WHAT NEEDS TO BE DONE
Filter out all lines without the word "else" from the data below, please, and copy the rest.

(Extracted data entries)
(* Let $\sigma$ be an erasing $k$-block substitution with $w_\epsilon\ne 1^k$. Then $f_\sigma$ is continuous at every point of $$\mathcal C^\sigma=\mathbb I\setminus(\mathcal Q_2^0\cup\mathcal E^\sigma),$$ whose complement is countable, and consequently $f_\sigma$ is of Baire class 1. Moreover, $f_\sigma$ is left-continuous at every point of $\mathbb Q_2\setminus\{0\}$.
   Context: Notation: $\mathbb I=[0,1]$. $\mathbb Q_2$ is the set of dyadic rationals in $\mathbb I$, $\mathcal Q_2=\mathbb Q_2\setminus\{0,1\}$ and $\mathcal Q_2^0=\mathcal Q_2\cup\{0\}$. $\{0,1\}^*$ and $\{0,1\}^\omega$ denote finite and infinite binary words, and $\epsilon$ is the empty word. For a word $w$, set $0.w=\sum_i w_i2^{-i}$. For $x\in(0,1]$, $\widetilde x$ is the unique infinite binary expansion of $x$ not ending in $0^\infty$. Fix $k\ge2$. An erasing $k$-block substitution is a map $\sigma:\{0,1\}^k\to\{0,1\}^*$ with exactly one block $w_\epsilon$ such that $\sigma(w_\epsilon)=\epsilon$. It acts blockwise on infinite words and on finite words of length a multiple of $k$, by concatenating the images of consecutive $k$-blocks. The map $f_\sigma:\mathbb I\to\mathbb I$ is defined by $f_\sigma(x)=0.\sigma(\widetilde x)$ if $x\in(0,1]$ and $\widetilde x\ne w_\epsilon^\infty$, and $f_\sigma(x)=0$ if $x=0$ or $\widetilde x=w_\epsilon^\infty$. Define $\mathcal E^\sigma=\{x\in\mathbb I\cap\mathbb Q: x=0.vw_\epsilon^\infty \text{ for some } v\in\{0,1\}^{nk},\ n\in\mathbb N_0\}$. *)

theory Defs
  imports "HOL-Analysis.Analysis"
begin

(* Binary words: finite words are bool lists, infinite words are nat => bool
   (True = digit 1, False = digit 0). *)

definition bit :: "bool \<Rightarrow> real" where
  "bit b = (if b then 1 else 0)"

definition bin_val :: "bool list \<Rightarrow> real" where
  "bin_val w = (\<Sum>i<length w. bit (w ! i) / 2 ^ (i + 1))"

definition bin_val_inf :: "(nat \<Rightarrow> bool) \<Rightarrow> real" where
  "bin_val_inf w = (\<Sum>i. bit (w i) / 2 ^ (i + 1))"

definition tilde :: "real \<Rightarrow> (nat \<Rightarrow> bool)" where
  "tilde x = (THE w. \<not> (\<forall>\<^sub>F i in sequentially. \<not> w i) \<and> bin_val_inf w = x)"

definition block :: "nat \<Rightarrow> (nat \<Rightarrow> bool) \<Rightarrow> nat \<Rightarrow> bool list" where
  "block k w j = map (\<lambda>i. w (k * j + i)) [0..<k]"

definition erasing_subst :: "nat \<Rightarrow> (bool list \<Rightarrow> bool list) \<Rightarrow> bool" where
  "erasing_subst k \<sigma> \<longleftrightarrow> (\<exists>!u. length u = k \<and> \<sigma> u = [])"

definition w_eps :: "nat \<Rightarrow> (bool list \<Rightarrow> bool list) \<Rightarrow> bool list" where
  "w_eps k \<sigma> = (THE u. length u = k \<and> \<sigma> u = [])"

definition per_word :: "bool list \<Rightarrow> bool list \<Rightarrow> nat \<Rightarrow> bool" where
  "per_word v u i = (if i < length v then v ! i else u ! ((i - length v) mod length u))"

(* 0.sigma(w): the value of the (finite or infinite) concatenation of the images of the
   consecutive k-blocks, i.e. the limit of the values of the finite prefixes
   sigma(b_0)...sigma(b_{n-1}) *)
definition subst_val :: "nat \<Rightarrow> (bool list \<Rightarrow> bool list) \<Rightarrow> (nat \<Rightarrow> bool) \<Rightarrow> real" where
  "subst_val k \<sigma> w = lim (\<lambda>n. bin_val (concat (map (\<lambda>j. \<sigma> (block k w j)) [0..<n])))"

definition f_sigma :: "nat \<Rightarrow> (bool list \<Rightarrow> bool list) \<Rightarrow> real \<Rightarrow> real" where
  "f_sigma k \<sigma> x =
     (if x \<in> {0<..1} \<and> tilde x \<noteq> per_word [] (w_eps k \<sigma>)
      then subst_val k \<sigma> (tilde x) else 0)"

definition Q2 :: "real set" where
  "Q2 = {x \<in> {0..1}. \<exists>m n :: nat. x = real m / 2 ^ n}"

RESPONSE TO THE TASK
  "bit b = (if b then 1 else 0)"
  "per_word v u i = (if i < length v then v ! i else u ! ((i - length v) mod length u))"
      then subst_val k \<sigma> (tilde x) else 0)"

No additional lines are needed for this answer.